Robert Louis Stevenson: “In the South Seas” (1896)

Robert Louis Stevenson    (1850-1894)

A Scottish novelist, poet, essayist, short-story and travel writer:
His novels “Treasure Island”, “Kidnapped” and “Dr Jekyll and Mr Hyde” remain enormously popular.
Stevenson and his wife Fanny traveled extensively in the Pacific.  
In 1890, Stevenson and his family settled on the island of Samoa. He died in Samoa in 1894 and is buried there.

Excellent online resource dedicated to the life and works of Robert Louis Stevenson:
The website is designed and maintained by Centre for Literature and Writing (CLAW) at Edinburgh Napier University, Scotland.

Copyright on RLS’s works:
All of RLS’s published works are in the public domain since December 1944, fifty years after his death, and may be quoted without further permission.

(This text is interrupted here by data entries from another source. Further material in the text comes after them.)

(* Let $\gamma>0$, $v\in[0,1]^N$ and $r\in[0,1]^N$, and let $$q\in\arg\max_{\rho\in\Delta(\mathcal{S})}\;\mathbb{E}_{S\sim\rho}[R(S,v,r)]-\frac{(K+1)^4}{\gamma}\sum_{i=1}^N\log\frac{1}{w_i(\rho)}.$$ Then $$\max_{S^\star\in\mathcal{S}}R(S^\star,v,r)-\mathbb{E}_{S\sim q}[R(S,v,r)]\le\frac{N(K+1)^4}{\gamma},$$ and for every $S\in\mathcal{S}$, $$\sum_{i\in S}\frac{1}{w_i(q)}\le N+\frac{\gamma}{(K+1)^4}\Big(\max_{S^\star\in\mathcal{S}}R(S^\star,v,r)-R(S,v,r)\Big).$$
   Context: $N\ge K\ge1$ are integers and $\mathcal{S}$ is the collection of subsets $S\subseteq[N]$ with $1\le|S|\le K$; $\Delta(\mathcal{S})$ is the set of probability distributions on $\mathcal{S}$. For $S\in\mathcal{S}$, $v,r\in[0,1]^N$, $R(S,v,r)=\frac{\sum_{i\in S}r_iv_i}{1+\sum_{i\in S}v_i}$. For $\rho\in\Delta(\mathcal{S})$, $w_i(\rho)=\sum_{S\in\mathcal{S}:\,i\in S}\rho(S)$ (the probability that item $i$ belongs to a set drawn from $\rho$). *)

theory Defs
  imports "HOL-Analysis.Analysis"
begin

definition Sets :: "nat \<Rightarrow> nat \<Rightarrow> nat set set" where
  "Sets N K = {S. S \<subseteq> {1..N} \<and> 1 \<le> card S \<and> card S \<le> K}"

definition Rev :: "nat set \<Rightarrow> (nat \<Rightarrow> real) \<Rightarrow> (nat \<Rightarrow> real) \<Rightarrow> real" where
  "Rev S v r = (\<Sum>i\<in>S. r i * v i) / (1 + (\<Sum>i\<in>S. v i))"

definition is_dist :: "nat \<Rightarrow> nat \<Rightarrow> (nat set \<Rightarrow> real) \<Rightarrow> bool" where
  "is_dist N K \<rho> \<longleftrightarrow> (\<forall>S. 0 \<le> \<rho> S) \<and> (\<forall>S. S \<notin> Sets N K \<longrightarrow> \<rho> S = 0)
      \<and> (\<Sum>S\<in>Sets N K. \<rho> S) = 1"

definition wprob :: "nat \<Rightarrow> nat \<Rightarrow> (nat set \<Rightarrow> real) \<Rightarrow> nat \<Rightarrow> real" where
  "wprob N K \<rho> i = (\<Sum>S\<in>{S\<in>Sets N K. i \<in> S}. \<rho> S)"

definition exp_rev :: "nat \<Rightarrow> nat \<Rightarrow> (nat set \<Rightarrow> real) \<Rightarrow> (nat \<Rightarrow> real) \<Rightarrow> (nat \<Rightarrow> real) \<Rightarrow> real" where
  "exp_rev N K \<rho> v r = (\<Sum>S\<in>Sets N K. \<rho> S * Rev S v r)"

text \<open>Regularised objective, valued in the extended reals: if some w_i(rho) = 0
  then log(1/w_i(rho)) = +infinity and the objective is -infinity.\<close>
definition objective :: "nat \<Rightarrow> nat \<Rightarrow> real \<Rightarrow> (nat \<Rightarrow> real) \<Rightarrow> (nat \<Rightarrow> real) \<Rightarrow> (nat set \<Rightarrow> real) \<Rightarrow> ereal" where
  "objective N K \<gamma> v r \<rho> =
     (if \<forall>i\<in>{1..N}. 0 < wprob N K \<rho> i
      then ereal (exp_rev N K \<rho> v r
                  - (real (K+1))^4 / \<gamma> * (\<Sum>i=1..N. ln (1 / wprob N K \<rho> i)))
      else -\<infinity>)"

end

theory Submission
  imports Defs
begin

text \<open>Mixing the maximiser q with a point mass on S, with weight t, keeps the objective
  below its value at q. Dividing the resulting inequality by t and letting t tend to 0 gives
  the first-order optimality condition
  Rev S - E_q[Rev] \<le> c (N - \<Sum>(i \<in> S) 1 / w_i(q)), where c = (K+1)^4/\<gamma>.
  Both claims follow: the first with S a best set (the sum is nonnegative), the second
  since E_q[Rev] never exceeds the best revenue. The maximiser has all w_i(q) > 0
  because the uniform distribution has finite objective.\<close>

lemma ln_ratio_le_slope:
  fixes w x t :: real
  assumes "0 < w" "0 < (1 - t) * w + t * x"
  shows "ln (w / ((1 - t) * w + t * x)) \<le> t * ((w - x) / ((1 - t) * w + t * x))"
proof -
  have "ln (w / ((1 - t) * w + t * x)) \<le> w / ((1 - t) * w + t * x) - 1"
    using assms by (intro ln_le_minus_one) simp
  also have "\<dots> = t * ((w - x) / ((1 - t) * w + t * x))"
    using assms(2) by (simp add: field_simps)
  finally show ?thesis .
qed

lemma log_barrier_first_order:
  fixes w x :: "'a \<Rightarrow> real" and c D :: real
  assumes "0 \<le> c" and w_pos: "\<forall>i\<in>I. 0 < w i" and x_nonneg: "\<forall>i\<in>I. 0 \<le> x i"
    and slope: "\<And>t. 0 < t \<Longrightarrow> t < 1 \<Longrightarrow>
        t * D \<le> c * (\<Sum>i\<in>I. ln (w i / ((1 - t) * w i + t * x i)))"
  shows "D \<le> c * (\<Sum>i\<in>I. 1 - x i / w i)"
proof -
  define g where "g t = c * (\<Sum>i\<in>I. (w i - x i) / ((1 - t) * w i + t * x i))" for t
  have mix_pos: "0 < (1 - t) * w i + t * x i" if "0 < t" "t < 1" "i \<in> I" for t i
    using that w_pos x_nonneg by (simp add: add_pos_nonneg)
  have "D \<le> g t" if t: "0 < t" "t < 1" for t
  proof -
    have "t * D \<le> c * (\<Sum>i\<in>I. t * ((w i - x i) / ((1 - t) * w i + t * x i)))"
      using slope[OF t] assms(1) w_pos mix_pos[OF t]
      by (smt (verit) ln_ratio_le_slope mult_left_mono sum_mono)
    also have "\<dots> = t * g t"
      by (simp add: g_def sum_distrib_left[symmetric] del: times_divide_eq_right)
    finally show ?thesis using t by simp
  qed
  hence "eventually (\<lambda>t. D \<le> g t) (at_right 0)"
    using eventually_at_right_real[of 0 1] by (auto elim: eventually_mono)
  moreover have "(g \<longlongrightarrow> c * (\<Sum>i\<in>I. (w i - x i) / ((1 - 0) * w i + 0 * x i))) (at_right 0)"
    unfolding g_def using w_pos by (intro tendsto_intros) auto
  ultimately have "D \<le> c * (\<Sum>i\<in>I. (w i - x i) / w i)"
    by (simp add: tendsto_lowerbound)
  also have "\<dots> = c * (\<Sum>i\<in>I. 1 - x i / w i)"
    using w_pos by (intro arg_cong[where f = "(*) c"] sum.cong) (auto simp: field_simps)
  finally show ?thesis .
qed

lemma finite_Sets: "finite (Sets N K)"
  by (rule finite_subset[of _ "Pow {1..N}"]) (auto simp: Sets_def)

lemma singleton_in_Sets: "1 \<le> K \<Longrightarrow> i \<in> {1..N} \<Longrightarrow> {i} \<in> Sets N K"
  by (auto simp: Sets_def)

lemma Sets_subset: "S \<in> Sets N K \<Longrightarrow> S \<subseteq> {1..N}"
  by (simp add: Sets_def)

definition mix_dist :: "real \<Rightarrow> (nat set \<Rightarrow> real) \<Rightarrow> (nat set \<Rightarrow> real) \<Rightarrow> nat set \<Rightarrow> real" where
  "mix_dist t \<rho> \<sigma> T = (1 - t) * \<rho> T + t * \<sigma> T"

definition point_dist :: "nat set \<Rightarrow> nat set \<Rightarrow> real" where
  "point_dist S T = (if T = S then 1 else 0)"

lemma is_dist_mix:
  assumes "is_dist N K \<rho>" "is_dist N K \<sigma>" "0 \<le> t" "t \<le> 1"
  shows "is_dist N K (mix_dist t \<rho> \<sigma>)"
  using assms
  by (auto simp: is_dist_def mix_dist_def sum.distrib sum_distrib_left[symmetric])

lemma wprob_mix:
  "wprob N K (mix_dist t \<rho> \<sigma>) i = (1 - t) * wprob N K \<rho> i + t * wprob N K \<sigma> i"
  by (simp add: wprob_def mix_dist_def sum.distrib sum_distrib_left)

lemma exp_rev_mix:
  "exp_rev N K (mix_dist t \<rho> \<sigma>) v r = (1 - t) * exp_rev N K \<rho> v r + t * exp_rev N K \<sigma> v r"
  by (simp add: exp_rev_def mix_dist_def distrib_right sum.distrib sum_distrib_left mult.assoc)

lemma is_dist_point: "S \<in> Sets N K \<Longrightarrow> is_dist N K (point_dist S)"
  by (auto simp: is_dist_def point_dist_def finite_Sets)

lemma wprob_point: "S \<in> Sets N K \<Longrightarrow> wprob N K (point_dist S) i = (if i \<in> S then 1 else 0)"
  by (simp add: wprob_def point_dist_def finite_Sets)

lemma exp_rev_point: "S \<in> Sets N K \<Longrightarrow> exp_rev N K (point_dist S) v r = Rev S v r"
  by (simp add: exp_rev_def point_dist_def finite_Sets if_distrib[where f = "\<lambda>a. a * _"] cong: if_cong)

lemma exp_rev_le_Max:
  assumes "is_dist N K \<rho>"
  shows "exp_rev N K \<rho> v r \<le> (MAX S\<in>Sets N K. Rev S v r)"
proof -
  have "exp_rev N K \<rho> v r \<le> (\<Sum>T\<in>Sets N K. \<rho> T * (MAX S\<in>Sets N K. Rev S v r))"
    unfolding exp_rev_def using assms
    by (intro sum_mono mult_left_mono) (auto simp: is_dist_def finite_Sets)
  also have "\<dots> = (MAX S\<in>Sets N K. Rev S v r)"
    using assms by (simp add: is_dist_def sum_distrib_right[symmetric])
  finally show ?thesis .
qed

lemma objective_eq_of_wprob_pos:
  "\<forall>i\<in>{1..N}. 0 < wprob N K \<rho> i \<Longrightarrow> objective N K \<gamma> v r \<rho> =
     ereal (exp_rev N K \<rho> v r - (real (K+1))^4 / \<gamma> * (\<Sum>i=1..N. ln (1 / wprob N K \<rho> i)))"
  by (simp add: objective_def)

lemma exists_dist_wprob_pos:
  assumes "1 \<le> K" "1 \<le> N"
  shows "\<exists>\<rho>. is_dist N K \<rho> \<and> (\<forall>i\<in>{1..N}. 0 < wprob N K \<rho> i)"
proof -
  define u where "u T = (if T \<in> Sets N K then 1 / real (card (Sets N K)) else 0)" for T
  have "{1} \<in> Sets N K" using singleton_in_Sets assms by simp
  hence card_pos: "0 < card (Sets N K)"
    using finite_Sets card_gt_0_iff by blast
  have "is_dist N K u"
    using card_pos by (auto simp: is_dist_def u_def)
  moreover have "0 < wprob N K u i" if "i \<in> {1..N}" for i
  proof -
    have "{i} \<in> {T \<in> Sets N K. i \<in> T}"
      using singleton_in_Sets[OF assms(1) that] by simp
    moreover have "finite {T \<in> Sets N K. i \<in> T}" using finite_Sets by simp
    ultimately have "0 < card {T \<in> Sets N K. i \<in> T}"
      using card_gt_0_iff by blast
    thus ?thesis using card_pos by (simp add: wprob_def u_def)
  qed
  ultimately show ?thesis by blast
qed

lemma maximiser_wprob_pos:
  assumes "1 \<le> K" "1 \<le> N"
    and max: "\<forall>\<rho>. is_dist N K \<rho> \<longrightarrow> objective N K \<gamma> v r \<rho> \<le> objective N K \<gamma> v r q"
  shows "\<forall>i\<in>{1..N}. 0 < wprob N K q i"
proof -
  obtain \<rho> where "is_dist N K \<rho>" "\<forall>i\<in>{1..N}. 0 < wprob N K \<rho> i"
    using exists_dist_wprob_pos[OF assms(1,2)] by blast
  hence "objective N K \<gamma> v r q \<noteq> -\<infinity>"
    using max objective_eq_of_wprob_pos by fastforce
  thus ?thesis by (auto simp: objective_def split: if_splits)
qed

lemma maximiser_mix_point_slope:
  fixes S :: "nat set" and t :: real
  defines "x \<equiv> \<lambda>i. if i \<in> S then 1 else 0 :: real"
  assumes "is_dist N K q"
    and max: "\<forall>\<rho>. is_dist N K \<rho> \<longrightarrow> objective N K \<gamma> v r \<rho> \<le> objective N K \<gamma> v r q"
    and W_pos: "\<forall>i\<in>{1..N}. 0 < wprob N K q i"
    and S: "S \<in> Sets N K" and t: "0 < t" "t < 1"
  shows "t * (Rev S v r - exp_rev N K q v r)
           \<le> (real (K+1))^4 / \<gamma> * (\<Sum>i=1..N. ln (wprob N K q i / ((1 - t) * wprob N K q i + t * x i)))"
proof -
  define c where "c = (real (K+1))^4 / \<gamma>"
  define W where "W = wprob N K q"
  define \<rho> where "\<rho> = mix_dist t q (point_dist S)"
  have w\<rho>: "wprob N K \<rho> i = (1 - t) * W i + t * x i" for i
    by (simp add: \<rho>_def wprob_mix wprob_point[OF S] W_def x_def)
  have w\<rho>_pos: "\<forall>i\<in>{1..N}. 0 < wprob N K \<rho> i"
    using W_pos t by (simp add: w\<rho> W_def x_def add_pos_nonneg)
  have "objective N K \<gamma> v r \<rho> \<le> objective N K \<gamma> v r q"
    using max is_dist_mix[OF assms(2) is_dist_point[OF S]] t by (simp add: \<rho>_def)
  hence "exp_rev N K \<rho> v r - c * (\<Sum>i=1..N. ln (1 / wprob N K \<rho> i))
           \<le> exp_rev N K q v r - c * (\<Sum>i=1..N. ln (1 / W i))"
    using w\<rho>_pos W_pos by (simp add: objective_eq_of_wprob_pos W_def c_def)
  moreover have "(\<Sum>i=1..N. ln (1 / wprob N K \<rho> i)) - (\<Sum>i=1..N. ln (1 / W i))
                   = (\<Sum>i=1..N. ln (W i / ((1 - t) * W i + t * x i)))"
    unfolding sum_subtractf[symmetric] w\<rho>
  proof (intro sum.cong refl)
    fix i assume "i \<in> {1..N}"
    hence "0 < W i" "0 < (1 - t) * W i + t * x i"
      using W_pos w\<rho>_pos by (auto simp: w\<rho> W_def)
    thus "ln (1 / ((1 - t) * W i + t * x i)) - ln (1 / W i)
            = ln (W i / ((1 - t) * W i + t * x i))"
      by (simp add: ln_div)
  qed
  moreover have "exp_rev N K \<rho> v r = (1 - t) * exp_rev N K q v r + t * Rev S v r"
    by (simp add: \<rho>_def exp_rev_mix exp_rev_point[OF S])
  ultimately have "t * (Rev S v r - exp_rev N K q v r)
                    \<le> c * (\<Sum>i=1..N. ln (W i / ((1 - t) * W i + t * x i)))"
    by (simp add: algebra_simps)
  thus ?thesis unfolding c_def W_def .
qed

lemma maximiser_first_order:
  assumes "1 \<le> K" "0 < \<gamma>" "is_dist N K q"
    and max: "\<forall>\<rho>. is_dist N K \<rho> \<longrightarrow> objective N K \<gamma> v r \<rho> \<le> objective N K \<gamma> v r q"
    and S: "S \<in> Sets N K"
  shows "Rev S v r - exp_rev N K q v r
           \<le> (real (K+1))^4 / \<gamma> * (real N - (\<Sum>i\<in>S. 1 / wprob N K q i))"
proof -
  define x where "x i = (if i \<in> S then 1 else 0 :: real)" for i
  let ?W = "wprob N K q"
  have "1 \<le> N"
    using S card_mono[OF finite_atLeastAtMost Sets_subset[OF S]] by (auto simp: Sets_def)
  have W_pos: "\<forall>i\<in>{1..N}. 0 < ?W i"
    using maximiser_wprob_pos[OF assms(1) \<open>1 \<le> N\<close> max] .
  have "Rev S v r - exp_rev N K q v r \<le> (real (K+1))^4 / \<gamma> * (\<Sum>i\<in>{1..N}. 1 - x i / ?W i)"
    using maximiser_mix_point_slope[OF assms(3) max W_pos S] assms(2)
    by (intro log_barrier_first_order[OF _ W_pos]) (auto simp: x_def)
  also have "(\<Sum>i\<in>{1..N}. 1 - x i / ?W i) = real N - (\<Sum>i\<in>S. 1 / ?W i)"
  proof -
    have "(\<Sum>i\<in>{1..N}. x i / ?W i) = (\<Sum>i\<in>{1..N} \<inter> S. 1 / ?W i)"
      by (simp add: sum.inter_restrict x_def) (intro sum.cong; simp)
    thus ?thesis using Sets_subset[OF S] by (simp add: sum_subtractf Int_absorb1)
  qed
  finally show ?thesis .
qed

theorem lemma4:
  fixes N K :: nat and \<gamma> :: real and v r :: "nat \<Rightarrow> real" and q :: "nat set \<Rightarrow> real"
  assumes "1 \<le> K" and "K \<le> N"
    and "0 < \<gamma>"
    and "\<forall>i\<in>{1..N}. 0 \<le> v i \<and> v i \<le> 1"
    and "\<forall>i\<in>{1..N}. 0 \<le> r i \<and> r i \<le> 1"
    and "is_dist N K q"
    and "\<forall>\<rho>. is_dist N K \<rho> \<longrightarrow> objective N K \<gamma> v r \<rho> \<le> objective N K \<gamma> v r q"
  shows "(MAX S\<in>Sets N K. Rev S v r) - exp_rev N K q v r \<le> real N * (real (K+1))^4 / \<gamma>
    \<and> (\<forall>S\<in>Sets N K. (\<Sum>i\<in>S. 1 / wprob N K q i)
           \<le> real N + \<gamma> / (real (K+1))^4 * ((MAX S'\<in>Sets N K. Rev S' v r) - Rev S v r))"
proof
  let ?c = "(real (K+1))^4 / \<gamma>" and ?best = "MAX S\<in>Sets N K. Rev S v r"
  note first_order = maximiser_first_order[OF assms(1,3,6,7)]
  have c_pos: "0 < ?c" using assms(3) by simp
  have "Sets N K \<noteq> {}" using singleton_in_Sets[OF assms(1), of 1 N] assms(1,2) by auto
  then obtain S\<^sub>0 where S\<^sub>0: "S\<^sub>0 \<in> Sets N K" "Rev S\<^sub>0 v r = ?best"
    using finite_Sets by (metis (no_types, lifting) Max_in finite_imageI image_iff image_is_empty)
  have "0 \<le> (\<Sum>i\<in>S\<^sub>0. 1 / wprob N K q i)"
    using maximiser_wprob_pos[OF assms(1) _ assms(7)] Sets_subset[OF S\<^sub>0(1)] assms(1,2)
    by (intro sum_nonneg) (auto simp: less_imp_le)
  hence "?best - exp_rev N K q v r \<le> real N * ?c"
    using first_order[OF S\<^sub>0(1)] S\<^sub>0(2) c_pos
    by (smt (verit, best) mult_left_mono right_diff_distrib mult.commute)
  thus "?best - exp_rev N K q v r \<le> real N * (real (K+1))^4 / \<gamma>" by simp
  show "\<forall>S\<in>Sets N K. (\<Sum>i\<in>S. 1 / wprob N K q i) \<le> real N + \<gamma> / (real (K+1))^4 * (?best - Rev S v r)"
  proof
    fix S assume S: "S \<in> Sets N K"
    have "?c * (\<Sum>i\<in>S. 1 / wprob N K q i) \<le> ?c * real N + (?best - Rev S v r)"
      using first_order[OF S] exp_rev_le_Max[OF assms(6), of v r]
      by (simp add: right_diff_distrib)
    hence "(\<Sum>i\<in>S. 1 / wprob N K q i) \<le> (?c * real N + (?best - Rev S v r)) / ?c"
      using c_pos by (metis pos_le_divide_eq mult.commute)
    also have "\<dots> = real N + \<gamma> / (real (K+1))^4 * (?best - Rev S v r)"
      using assms(3) by (simp add: field_simps)
    finally show "(\<Sum>i\<in>S. 1 / wprob N K q i)
                    \<le> real N + \<gamma> / (real (K+1))^4 * (?best - Rev S v r)" .
  qed
qed

end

About   “In the South Seas” by Robert Louis Stevenson (1896)

In 1888, Stevenson and his family sailed from California, in the yacht “Casco” to cruise the Pacific. “In the South Seas” is an account that Stevenson wrote of his experiences and observations, in the Marquesas, Paumotus and Gilbert Islands.  The book was published posthumously  in 1896.

Sources for ebook formats:
Project Gutenberg: eBook #464

Excerpt from “In the South Seas”

Note: the Paumotus Archipelago is a chain of atolls in French Polynesia, and is now known as The Tuamotus or Tuamotu Archipelago.



“The night fell lovely in the extreme.  After the moon went down, the heaven was a thing to wonder at for stars.  And as I lay in the cockpit and looked upon the steersman I was haunted by Emerson’s verses:

‘And the lone seaman all the night
Sails astonished among stars.’

By this glittering and imperfect brightness, about four bells in the first watch we made our third atoll, Raraka.  The low line of the isle lay straight along the sky; so that I was at first reminded of a towpath, and we seemed to be mounting some engineered and navigable stream.  Presently a red star appeared, about the height and brightness of a danger signal, and with that my simile was changed; we seemed rather to skirt the embankment of a railway, and the eye began to look instinctively for the telegraph-posts, and the ear to expect the coming of a train.  Here and there, but rarely, faint tree-tops broke the level.  And the sound of the surf accompanied us, now in a drowsy monotone, now with a menacing swing.”